Dominique Moisi, senior adviser at IFRI, the French Institute for International Relations.

On the face of it, history seemed to be repeating itself.

In Bastille Square, people celebrated the victory of the left in France’s presidential election, while in the bourgeois neighbourhoods of Paris, the heavy silence of defeat was in stark contrast with the jubilation relayed by television programs covering the celebrations elsewhere.

But while 2012 may have looked and sounded like the Socialist victory of 1981, it definitely is not 1981.

There is today less hope and fewer illusions on the part of the winners, and less fear among the losers.

Frenchmen are more worried about the evolution of Europe, starting with Greece, than with France.

Whatever their camp, in the aftermath of the election the French people were able to appreciate the greatness of their democracy and the respect for the Republic symbolized by the presence of president-elect François Hollande at the side of Nicolas Sarkozy, still President for a week, at ceremonies celebrating the victory over Nazi Germany on May 8.

After a hard-fought political battle, there was a sense of unity, even harmony, which of course will soon be seen for what it was, a short interlude before new clashes.

But for now, what prevails in France is a strange combination of serenity and apprehension.

It is based on the conviction that whoever is president may not matter all that much.

The scope for real and profound change is so slim that the best that can be hoped for is a series of compromises, between austerity and growth, and between growth according to Mario Draghi, president of the European Central Bank, (liberalizing the labour market) and growth according to Mr.
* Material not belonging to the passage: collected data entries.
(* Let $n\in\mathbb{N}$, $N=\{1,\dots,n\}$, and let $(\mathbf v,d)=(v_1,\dots,v_n,d)\in\mathbb{N}^{n+1}$ with $v_i<d$ for all $i$. Write $\frac{v_i}{d}=\frac{s_i}{t_i}$ with $s_i,t_i\in\mathbb{N}$, $\gcd(s_i,t_i)=1$, put $w_i=v_i/d$, $d_{\mathbf w}=\operatorname{lcm}(t_j\mid j\in N)$, and for $k\in\mathbb{N}$ put $M(k)=\{j\in N\mid t_j\mid k\}$ and $\mu(k)=\prod_{j\in M(k)}\left(\frac1{w_j}-1\right)=\prod_{j\in M(k)}\frac{d-v_j}{v_j}$ (empty product $=1$). Let $D_{\mathbf w}=\prod_{j=1}^n\left(\frac1{s_j}\Lambda_{t_j}-\Lambda_1\right)\in\mathbb{Q}\langle S^{UR}\rangle$ and let $L(k)$, $k\in\mathbb{N}$, be its Lefschetz numbers. Let $\rho_{(\mathbf v,d)}(t)=t^{v_1+\dots+v_n}\prod_{j=1}^n\frac{t^{d-v_j}-1}{t^{v_j}-1}\in\mathbb{Q}(t)$. Then: (a) For all $k\in\mathbb{N}$: $M(k)=M(\gcd(k,d_{\mathbf w}))=\{j\in N\mid \frac{d}{\gcd(k,d_{\mathbf w})}\text{ divides } v_j\}$ and $\mu(k)=\mu(\gcd(k,d_{\mathbf w}))$. (b) For all $k\in\mathbb{N}$: $L(k)=L(\gcd(k,d_{\mathbf w}))=(-1)^{n-|M(k)|}\mu(k)\in\mathbb{Q}^*$. (c) If $(\mathbf v,d)$ satisfies condition $\overline{(C2)}$, then $\mu(k)\in\mathbb{N}$ for all $k\in\mathbb{N}$. Moreover, $(\mathbf v,d)$ satisfies $\overline{(C2)}$ if and only if $\rho_{(\mathbf v,d)}\in\mathbb{Z}[t]$.
   Context: $S^{UR}\subset S^1$ is the set of all roots of unity; $\mathbb{Q}\langle S^{UR}\rangle$ is the group ring over $\mathbb{Q}$ of the multiplicative group $S^{UR}$, with elements $\sum_j b_j\langle\zeta_j\rangle$ ($b_j\in\mathbb{Q}$, $\zeta_j\in S^{UR}$) and product $\langle\zeta_1\rangle\langle\zeta_2\rangle=\langle\zeta_1\zeta_2\rangle$. For $m\in\mathbb{N}$, $\Lambda_m=\sum_{a=0}^{m-1}\langle e^{2\pi i a/m}\rangle$ (so $\Lambda_1=\langle1\rangle$ is the unit). The Lefschetz numbers of an element $\sum_j b_j\langle\zeta_j\rangle$ are $L(k)=\sum_j b_j\zeta_j^k\in\mathbb{C}$ for $k\in\mathbb{N}$. For $J\subset N$ and $c\in\mathbb{Z}$ let $(\mathbb{Z}^J)_c=\{\alpha\in\mathbb{Z}^n\mid \alpha_i=0\text{ for } i\notin J,\ \sum_i\alpha_iv_i=c\}$. Condition $\overline{(C2)}$: for every nonempty $J\subset N$ there exists $K\subset N$ with $|K|=|J|$ such that $(\mathbb{Z}^J)_{d-v_k}\neq\emptyset$ for all $k\in K$ (equivalently, $\gcd(v_j\mid j\in J)$ divides $d-v_k$ for all $k\in K$). *)

theory Defs
  imports Complex_Main "HOL-Computational_Algebra.Polynomial" "HOL-Computational_Algebra.Fraction_Field"
begin

text \<open>Elements of the group ring Q<S^UR> are represented as functions complex => rat
  which are finitely supported on roots of unity (all elements built below are).\<close>

type_synonym grelem = "complex \<Rightarrow> rat"

definition gr_basis :: "complex \<Rightarrow> grelem" where
  "gr_basis \<zeta> = (\<lambda>z. if z = \<zeta> then 1 else 0)"

definition gr_mult :: "grelem \<Rightarrow> grelem \<Rightarrow> grelem" where
  "gr_mult x y = (\<lambda>z. \<Sum>p\<in>{(a, b). x a \<noteq> 0 \<and> y b \<noteq> 0 \<and> a * b = z}. x (fst p) * y (snd p))"

definition Lambda :: "nat \<Rightarrow> grelem" where
  "Lambda m = (\<lambda>z. \<Sum>a<m. gr_basis (exp (2 * of_real pi * \<i> * of_nat a / of_nat m)) z)"

fun gr_prod :: "(nat \<Rightarrow> grelem) \<Rightarrow> nat \<Rightarrow> grelem" where
  "gr_prod f 0 = gr_basis 1"
| "gr_prod f (Suc n) = gr_mult (gr_prod f n) (f (Suc n))"

definition lefschetz :: "grelem \<Rightarrow> nat \<Rightarrow> complex" where
  "lefschetz x k = (\<Sum>z\<in>{z. x z \<noteq> 0}. of_rat (x z) * z ^ k)"

definition sn :: "(nat \<Rightarrow> nat) \<Rightarrow> nat \<Rightarrow> nat \<Rightarrow> nat" where
  "sn v d i = v i div gcd (v i) d"
definition tn :: "(nat \<Rightarrow> nat) \<Rightarrow> nat \<Rightarrow> nat \<Rightarrow> nat" where
  "tn v d i = d div gcd (v i) d"

definition dw :: "nat \<Rightarrow> (nat \<Rightarrow> nat) \<Rightarrow> nat \<Rightarrow> nat" where
  "dw n v d = Lcm (tn v d ` {1..n})"

definition Mset :: "nat \<Rightarrow> (nat \<Rightarrow> nat) \<Rightarrow> nat \<Rightarrow> nat \<Rightarrow> nat set" where
  "Mset n v d k = {j \<in> {1..n}. tn v d j dvd k}"

definition mu :: "nat \<Rightarrow> (nat \<Rightarrow> nat) \<Rightarrow> nat \<Rightarrow> nat \<Rightarrow> rat" where
  "mu n v d k = (\<Prod>j\<in>Mset n v d k. of_nat (d - v j) / of_nat (v j))"

definition Dw :: "nat \<Rightarrow> (nat \<Rightarrow> nat) \<Rightarrow> nat \<Rightarrow> grelem" where
  "Dw n v d = gr_prod (\<lambda>j. (\<lambda>z. (1 / of_nat (sn v d j)) * Lambda (tn v d j) z - Lambda 1 z)) n"

definition ZJ :: "nat \<Rightarrow> (nat \<Rightarrow> nat) \<Rightarrow> nat set \<Rightarrow> int \<Rightarrow> (nat \<Rightarrow> int) set" where
  "ZJ n v J c = {\<alpha>. (\<forall>i. i \<notin> J \<longrightarrow> \<alpha> i = 0) \<and> (\<Sum>i\<in>{1..n}. \<alpha> i * int (v i)) = c}"

definition C2bar :: "nat \<Rightarrow> (nat \<Rightarrow> nat) \<Rightarrow> nat \<Rightarrow> bool" where
  "C2bar n v d \<longleftrightarrow> (\<forall>J \<subseteq> {1..n}. J \<noteq> {} \<longrightarrow>
     (\<exists>K \<subseteq> {1..n}. card K = card J \<and> (\<forall>k\<in>K. ZJ n v J (int d - int (v k)) \<noteq> {})))"

definition rho :: "nat \<Rightarrow> (nat \<Rightarrow> nat) \<Rightarrow> nat \<Rightarrow> rat poly fract" where
  "rho n v d = Fract (monom 1 (\<Sum>j\<in>{1..n}. v j)) 1 *
     (\<Prod>j\<in>{1..n}. Fract (monom 1 (d - v j) - 1) (monom 1 (v j) - 1))"

end

theory Submission
  imports Defs "HOL-Analysis.Complex_Transcendental" "HOL-Computational_Algebra.Fundamental_Theorem_Algebra"
begin

text \<open>
  Lefschetz numbers are multiplicative on the group ring, and that of Lambda_t at k is t or 0
  according as t divides k. Since t_j / s_j = d / v_j, the j-th factor of D_w contributes
  (d - v_j) / v_j if t_j divides k and -1 otherwise; as every t_j divides d_w, only gcd(k, d_w)
  matters.

  All roots of t^a - 1 are simple roots of unity, so over the complex numbers, and hence over the
  integers because the divisor is monic, prod_j (t^v_j - 1) divides t^S prod_j (t^(d - v_j) - 1)
  iff every m divides at least as many of the d - v_j as of the v_j. By Bezout, (Z^J)_c is
  nonempty iff gcd(v_j | j in J) divides c, which turns condition C2bar into exactly this
  counting condition. The counting condition survives restriction to M(k), the indices with
  d / gcd(k, d_w) dividing v_j; cancelling the factors t - 1 and evaluating at t = 1 then shows
  that the product of the v_j over M(k) divides that of the d - v_j, i.e. mu(k) is a natural
  number.
\<close>

section \<open>Roots of unity and Lefschetz numbers\<close>

lemma exp_2pi_power:
  "exp (2 * of_real pi * \<i> / of_nat m) ^ a = exp (2 * of_real pi * \<i> * of_nat a / of_nat m)"
proof -
  have "exp (2 * of_real pi * \<i> / of_nat m) ^ a = exp (of_nat a * (2 * of_real pi * \<i> / of_nat m))"
    by (rule exp_of_nat_mult[symmetric])
  also have "of_nat a * (2 * of_real pi * \<i> / of_nat m) = 2 * of_real pi * \<i> * of_nat a / of_nat m"
    by simp
  finally show ?thesis .
qed

lemma exp_2pi_power_eq_1_iff:
  assumes "m > 0"
  shows "exp (2 * of_real pi * \<i> / of_nat m) ^ a = 1 \<longleftrightarrow> m dvd a"
  using complex_root_unity_eq_1[of m a] assms by (simp add: exp_2pi_power)

lemma sum_powers_root_of_unity:
  assumes "m > 0"
  shows "(\<Sum>a<m. exp (2 * of_real pi * \<i> * of_nat a / of_nat m) ^ k) = (if m dvd k then of_nat m else 0)"
proof -
  define \<zeta> where "\<zeta> = exp (2 * of_real pi * \<i> / of_nat m) ^ k"
  have "exp (2 * of_real pi * \<i> * of_nat a / of_nat m) ^ k = \<zeta> ^ a" for a
    unfolding \<zeta>_def exp_2pi_power[symmetric] by (simp only: power_mult[symmetric] mult.commute)
  then have sum: "(\<Sum>a<m. exp (2 * of_real pi * \<i> * of_nat a / of_nat m) ^ k) = (\<Sum>a<m. \<zeta> ^ a)"
    by simp
  have "\<zeta> ^ m = 1"
    unfolding \<zeta>_def power_mult[symmetric] using assms by (simp add: exp_2pi_power_eq_1_iff)
  moreover have "\<zeta> = 1 \<longleftrightarrow> m dvd k"
    unfolding \<zeta>_def by (rule exp_2pi_power_eq_1_iff[OF assms])
  ultimately show ?thesis
    unfolding sum by (auto simp: geometric_sum)
qed

lemma ex_multiplicative_order:
  fixes x :: "'a::monoid_mult"
  assumes "x ^ a = 1" "a > 0"
  shows "\<exists>m>0. \<forall>c. x ^ c = 1 \<longleftrightarrow> m dvd c"
proof -
  define m where "m = (LEAST m. 0 < m \<and> x ^ m = 1)"
  have m: "0 < m \<and> x ^ m = 1"
    unfolding m_def by (rule LeastI[of _ a]) (use assms in simp)
  have "x ^ c = 1 \<longleftrightarrow> m dvd c" for c
  proof -
    have "x ^ c = x ^ (m * (c div m) + c mod m)"
      by simp
    also have "\<dots> = (x ^ m) ^ (c div m) * x ^ (c mod m)"
      by (simp only: power_add power_mult)
    finally have xc: "x ^ c = x ^ (c mod m)"
      using m by simp
    have "\<not> (0 < c mod m \<and> x ^ (c mod m) = 1)"
      unfolding m_def by (rule not_less_Least) (use m in \<open>simp add: m_def\<close>)
    then show ?thesis
      using xc by (auto simp: dvd_eq_mod_eq_0)
  qed
  then show ?thesis
    using m by blast
qed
Hollande (recreating aspects of the Keynesian New Deal).

The situation does not allow for radical change, all the more so since Mr. Hollande is perceived — rightly, I believe — as a prudent and pragmatic social democrat who knows he has no time to waste and will have first and foremost to find a compromise with Germany, whose leader Angela Merkel is at least as pragmatic as he is.
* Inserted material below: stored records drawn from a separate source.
(* Let $n\ge 2$ and let $a_1,\dots,a_n,b_1,\dots,b_n\in\{-1,+1\}$ be arbitrary. Define $\mathcal{S}_0=\sum_{i=1}^n a_i$, $\mathcal{S}_{00}=\sum_{i\neq j}a_ia_j$, $\mathcal{S}_{11}=\sum_{i\ne j}b_ib_j$, $\mathcal{S}_{01}=\sum_{i\neq j}a_ib_j$ (sums over ordered pairs $(i,j)$ of distinct indices in $\{1,\dots,n\}$). Then $$-2\mathcal{S}_0+\tfrac12\mathcal{S}_{00}-\mathcal{S}_{01}+\tfrac12\mathcal{S}_{11}+2n\ \ge\ 0.$$ Consequently, for every $n$-party local hidden variable model in which each party $i$ has two $\pm1$-valued observables $\mathcal{M}_0^{(i)},\mathcal{M}_1^{(i)}$, the same inequality holds with $\mathcal{S}_k=\sum_i\langle\mathcal{M}_k^{(i)}\rangle$ and $\mathcal{S}_{kl}=\sum_{i\ne j}\langle\mathcal{M}_k^{(i)}\mathcal{M}_l^{(j)}\rangle$.
   Context: A local hidden variable (classical) model for $n$ parties each with two $\pm1$-valued measurements $k\in\{0,1\}$ is a probability distribution $q_\lambda$ over deterministic assignments $\lambda$ of values $\mathcal{M}_k^{(i)}(\lambda)\in\{\pm1\}$; expectation values are $\langle\prod \mathcal{M}\rangle=\sum_\lambda q_\lambda\prod\mathcal{M}(\lambda)$. Deterministic assignments correspond to $a_i=\mathcal{M}_0^{(i)}(\lambda)$, $b_i=\mathcal{M}_1^{(i)}(\lambda)$. *)

theory Defs
  imports Complex_Main
begin

definition pair_sum :: "nat \<Rightarrow> (nat \<Rightarrow> nat \<Rightarrow> real) \<Rightarrow> real" where
  "pair_sum n f = (\<Sum>i\<in>{1..n}. \<Sum>j\<in>{1..n} - {i}. f i j)"

definition bell_expr :: "nat \<Rightarrow> real \<Rightarrow> real \<Rightarrow> real \<Rightarrow> real \<Rightarrow> real" where
  "bell_expr n S0 S00 S01 S11 = -2 * S0 + S00 / 2 - S01 + S11 / 2 + 2 * real n"

text \<open>Expectation value in a local hidden variable model given by a finite
  set of deterministic assignments Lam with weights q.\<close>
definition lhv_exp :: "'l set \<Rightarrow> ('l \<Rightarrow> real) \<Rightarrow> ('l \<Rightarrow> real) \<Rightarrow> real" where
  "lhv_exp Lam q g = (\<Sum>l\<in>Lam. q l * g l)"

text \<open>A local hidden variable model for parties 1..n with two +-1 observables each:
  M i k l is the value of observable k of party i under assignment l.\<close>
definition is_lhv_model :: "nat \<Rightarrow> 'l set \<Rightarrow> ('l \<Rightarrow> real) \<Rightarrow> (nat \<Rightarrow> nat \<Rightarrow> 'l \<Rightarrow> real) \<Rightarrow> bool" where
  "is_lhv_model n Lam q M \<longleftrightarrow> finite Lam \<and> (\<forall>l\<in>Lam. q l \<ge> 0) \<and> sum q Lam = 1 \<and>
     (\<forall>i\<in>{1..n}. \<forall>k\<in>{0,1}. \<forall>l\<in>Lam. M i k l \<in> {-1, 1})"

end

theory Submission
  imports Defs
begin

text \<open>For deterministic values put \<open>A = \<Sum>a\<^sub>i\<close>, \<open>B = \<Sum>b\<^sub>i\<close>, \<open>C = \<Sum>a\<^sub>ib\<^sub>i\<close>. Since
  \<open>a\<^sub>i\<^sup>2 = b\<^sub>i\<^sup>2 = 1\<close>, the pair sums are \<open>A\<^sup>2 - n\<close>, \<open>AB - C\<close>, \<open>B\<^sup>2 - n\<close>, and the Bell
  expression becomes \<open>2D(D - 1) + \<Sum>(1 - a\<^sub>i)(1 - b\<^sub>i)\<close> with \<open>D = (A - B)/2\<close>.
  Both terms are nonnegative because \<open>D\<close> is an integer. A local hidden variable
  model is a convex combination of deterministic assignments, and the Bell
  expression is affine in the correlators, so the bound carries over.\<close>

lemma pair_sum_mult:
  "pair_sum n (\<lambda>i j. f i * g j) = (\<Sum>i=1..n. f i) * (\<Sum>i=1..n. g i) - (\<Sum>i=1..n. f i * g i)"
proof -
  have "pair_sum n (\<lambda>i j. f i * g j) = (\<Sum>i=1..n. f i * (\<Sum>j=1..n. g j) - f i * g i)"
    unfolding pair_sum_def
    by (rule sum.cong) (auto simp: sum_diff1 sum_distrib_left[symmetric] algebra_simps)
  thus ?thesis by (simp add: sum_subtractf sum_distrib_right)
qed

lemma sum_square_sign:
  assumes "\<forall>i\<in>{1..n}. x i \<in> {-1, 1 :: real}"
  shows "(\<Sum>i=1..n. x i * x i) = real n"
  using assms by (subst sum.cong[of _ _ _ "\<lambda>_. 1"]) auto

lemma Ints_mult_diff_one_nonneg:
  fixes x :: real
  assumes "x \<in> \<int>"
  shows "0 \<le> x * (x - 1)"
proof -
  obtain k where x: "x = of_int k" using assms by (auto elim: Ints_cases)
  have "0 \<le> k * (k - 1)"
    by (cases "k \<le> 0") (auto intro: mult_nonpos_nonpos)
  then have "0 \<le> real_of_int (k * (k - 1))" by linarith
  thus ?thesis by (simp add: x)
qed

lemma bell_expr_square_form:
  "bell_expr n A (A * A - real n) (A * B - C) (B * B - real n)
     = 2 * ((A - B) / 2 * ((A - B) / 2 - 1)) + (real n - A - B + C)"
  by (simp add: bell_expr_def field_simps)

lemma bell_expr_deterministic_nonneg:
  fixes a b :: "nat \<Rightarrow> real"
  assumes signs: "\<forall>i\<in>{1..n}. a i \<in> {-1, 1} \<and> b i \<in> {-1, 1}"
  shows "bell_expr n (\<Sum>i=1..n. a i) (pair_sum n (\<lambda>i j. a i * a j))
           (pair_sum n (\<lambda>i j. a i * b j)) (pair_sum n (\<lambda>i j. b i * b j)) \<ge> 0"
proof -
  define A where "A = (\<Sum>i=1..n. a i)"
  define B where "B = (\<Sum>i=1..n. b i)"
  define C where "C = (\<Sum>i=1..n. a i * b i)"
  have "(A - B) / 2 = (\<Sum>i=1..n. (a i - b i) / 2)"
    by (simp add: A_def B_def sum_divide_distrib[symmetric] sum_subtractf)
  also have "\<dots> \<in> \<int>"
  proof (rule Ints_sum)
    fix i assume "i \<in> {1..n}"
    then have "a i \<in> {-1, 1}" "b i \<in> {-1, 1}" using signs by auto
    then have "(a i - b i) / 2 \<in> {-1, 0, 1}" by auto
    thus "(a i - b i) / 2 \<in> \<int>" by auto
  qed
  finally have D_nonneg: "0 \<le> (A - B) / 2 * ((A - B) / 2 - 1)"
    by (rule Ints_mult_diff_one_nonneg)
  have "real n - A - B + C = (\<Sum>i=1..n. (1 - a i) * (1 - b i))"
    by (simp add: A_def B_def C_def algebra_simps sum.distrib sum_subtractf)
  also have "\<dots> \<ge> 0"
    using signs by (intro sum_nonneg mult_nonneg_nonneg) fastforce+
  finally have "0 \<le> real n - A - B + C" .
  with D_nonneg have "bell_expr n A (A * A - real n) (A * B - C) (B * B - real n) \<ge> 0"
    unfolding bell_expr_square_form by linarith
  moreover have "(\<Sum>i=1..n. a i * a i) = real n"
    by (rule sum_square_sign) (use signs in auto)
  moreover have "(\<Sum>i=1..n. b i * b i) = real n"
    by (rule sum_square_sign) (use signs in auto)
  ultimately show ?thesis
    by (simp add: pair_sum_mult A_def B_def C_def)
qed

lemma lhv_exp_nonneg:
  assumes "\<forall>l\<in>Lam. q l \<ge> 0" and "\<And>l. l \<in> Lam \<Longrightarrow> g l \<ge> 0"
  shows "lhv_exp Lam q g \<ge> 0"
  unfolding lhv_exp_def using assms by (intro sum_nonneg) auto

lemma sum_lhv_exp:
  "(\<Sum>i=1..n. lhv_exp Lam q (h i)) = lhv_exp Lam q (\<lambda>l. \<Sum>i=1..n. h i l)"
  unfolding lhv_exp_def by (simp add: sum_distrib_left sum.swap[of _ Lam])

lemma pair_sum_lhv_exp:
  "pair_sum n (\<lambda>i j. lhv_exp Lam q (h i j)) = lhv_exp Lam q (\<lambda>l. pair_sum n (\<lambda>i j. h i j l))"
  unfolding pair_sum_def lhv_exp_def by (simp add: sum_distrib_left sum.swap[of _ Lam])

lemma bell_expr_lhv_exp:
  assumes "sum q Lam = 1"
  shows "bell_expr n (lhv_exp Lam q x) (lhv_exp Lam q y) (lhv_exp Lam q z) (lhv_exp Lam q w)
           = lhv_exp Lam q (\<lambda>l. bell_expr n (x l) (y l) (z l) (w l))"
proof -
  have "lhv_exp Lam q (\<lambda>l. bell_expr n (x l) (y l) (z l) (w l))
      = (\<Sum>l\<in>Lam. -2 * (q l * x l) + q l * y l / 2 - q l * z l + q l * w l / 2
                    + q l * (2 * real n))"
    unfolding lhv_exp_def by (rule sum.cong) (auto simp: bell_expr_def algebra_simps)
  also have "\<dots> = -2 * lhv_exp Lam q x + lhv_exp Lam q y / 2 - lhv_exp Lam q z
                  + lhv_exp Lam q w / 2 + sum q Lam * (2 * real n)"
    unfolding lhv_exp_def
    by (simp add: sum.distrib sum_subtractf sum_distrib_left sum_divide_distrib
                  sum_distrib_right sum_negf)
  finally show ?thesis using assms by (simp add: bell_expr_def)
qed

lemma bell_expr_lhv_nonneg:
  assumes model: "is_lhv_model n Lam q M"
  shows "bell_expr n (\<Sum>i=1..n. lhv_exp Lam q (M i 0))
           (pair_sum n (\<lambda>i j. lhv_exp Lam q (\<lambda>l. M i 0 l * M j 0 l)))
           (pair_sum n (\<lambda>i j. lhv_exp Lam q (\<lambda>l. M i 0 l * M j 1 l)))
           (pair_sum n (\<lambda>i j. lhv_exp Lam q (\<lambda>l. M i 1 l * M j 1 l))) \<ge> 0"
proof -
  have normalized: "sum q Lam = 1" using model by (simp add: is_lhv_model_def)
  show ?thesis
    unfolding sum_lhv_exp[where h = "\<lambda>i. M i 0"] pair_sum_lhv_exp
      bell_expr_lhv_exp[OF normalized]
    using model unfolding is_lhv_model_def
    by (intro lhv_exp_nonneg bell_expr_deterministic_nonneg) auto
qed

theorem mainTheorem2:
  fixes n :: nat
  assumes "n \<ge> 2"
  shows "(\<forall>a b :: nat \<Rightarrow> real.
            (\<forall>i\<in>{1..n}. a i \<in> {-1, 1} \<and> b i \<in> {-1, 1}) \<longrightarrow>
            bell_expr n (\<Sum>i=1..n. a i)
                        (pair_sum n (\<lambda>i j. a i * a j))
                        (pair_sum n (\<lambda>i j. a i * b j))
                        (pair_sum n (\<lambda>i j. b i * b j)) \<ge> 0)
       \<and> (\<forall>(Lam :: 'l set) q M. is_lhv_model n Lam q M \<longrightarrow>
            bell_expr n (\<Sum>i=1..n. lhv_exp Lam q (M i 0))
                        (pair_sum n (\<lambda>i j. lhv_exp Lam q (\<lambda>l. M i 0 l * M j 0 l)))
                        (pair_sum n (\<lambda>i j. lhv_exp Lam q (\<lambda>l. M i 0 l * M j 1 l)))
                        (pair_sum n (\<lambda>i j. lhv_exp Lam q (\<lambda>l. M i 1 l * M j 1 l))) \<ge> 0)"
  using bell_expr_deterministic_nonneg bell_expr_lhv_nonneg by blast

end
He is helped in his task by the deterioration of the situation in Greece.

Each country in Europe is a different case, and it is easier in such a context to ask for sacrifices from those who have been backsliding and to reassure the others.
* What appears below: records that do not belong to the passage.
text \<open>Gram matrix of the fundamental weights: gram i j = <lambda_i, lambda_j>
  (the inverse of the Cartan matrix).\<close>
definition gram_row :: "nat \<Rightarrow> real list" where
  "gram_row i = (if i = 1 then [4,3,5,6,4,2]
     else if i = 2 then [3,6,6,9,6,3]
     else if i = 3 then [5,6,10,12,8,4]
     else if i = 4 then [6,9,12,18,12,6]
     else if i = 5 then [4,6,8,12,10,5]
     else [2,3,4,6,5,4])"

definition gram :: "nat \<Rightarrow> nat \<Rightarrow> real" where
  "gram i j = (gram_row i ! (j - 1)) / 3"

text \<open>Weights (elements of P) are given by their integer coordinates w.r.t.
  lambda_1..lambda_6 (only the entries 1..6 are relevant); elements of
  h = C (x) P by their complex coordinates w.r.t. lambda_1..lambda_6.\<close>
type_synonym wt = "nat \<Rightarrow> int"
type_synonym hvec = "nat \<Rightarrow> complex"

definition lam :: "nat \<Rightarrow> wt" where
  "lam i = (\<lambda>j. if j = i then 1 else 0)"

definition alpha :: "nat \<Rightarrow> wt" where
  "alpha i = (\<lambda>j. if j \<in> {1..6} then cartan i j else 0)"

definition theta :: wt where
  "theta = (\<lambda>j. alpha 1 j + 2 * alpha 2 j + 2 * alpha 3 j + 3 * alpha 4 j + 2 * alpha 5 j + alpha 6 j)"

definition hv :: "wt \<Rightarrow> hvec" where
  "hv \<mu> = (\<lambda>i. of_int (\<mu> i))"

definition form_h :: "hvec \<Rightarrow> hvec \<Rightarrow> complex" where
  "form_h h h' = (\<Sum>i\<in>{1..6}. \<Sum>j\<in>{1..6}. h i * of_real (gram i j) * h' j)"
Above all, it must be understood that the French have voted not against austerity, but against Mr. Sarkozy.

The election was not a clash between austerity and growth, but a confrontation between two different personal styles.

Tired of Bonaparte, the French went for his opposite, a Gallic version of Harry S. Truman.

It would be dangerous, though, to underestimate the incoming French president.

He is clearly not the shallow person described by his opponents, in particular his rivals in the Socialist Party.

In fact, there have been three Hollandes thus far.

The first was a typical young politician — though more straightforward and funnier than most of his contemporaries in the French meritocratic elite.

He was then working in a junior position at the Élysée Palace under his model and mentor François Mitterrand.

The second Hollande was secretary-general of the Socialist Party, a demanding job where he demonstrated his sense of compromise, while also showing a certain lack of decisiveness, although he proved able to take harsh decisions when necessary.

The third Hollande is a man who, to the surprise of so many of his friends and rivals, became imbued with presidential ambition.

This is the Hollande the world will have to live with, a man who, though clearly not charismatic, is at ease with himself and uses his natural good-naturedness to create a personal link with people, and who does not unnecessarily infuriate his fellow heads of government by constantly overdoing it, the Sarkozy way.

Thus the French are right to be serene about their new president, even as they worry about the future course of Europe.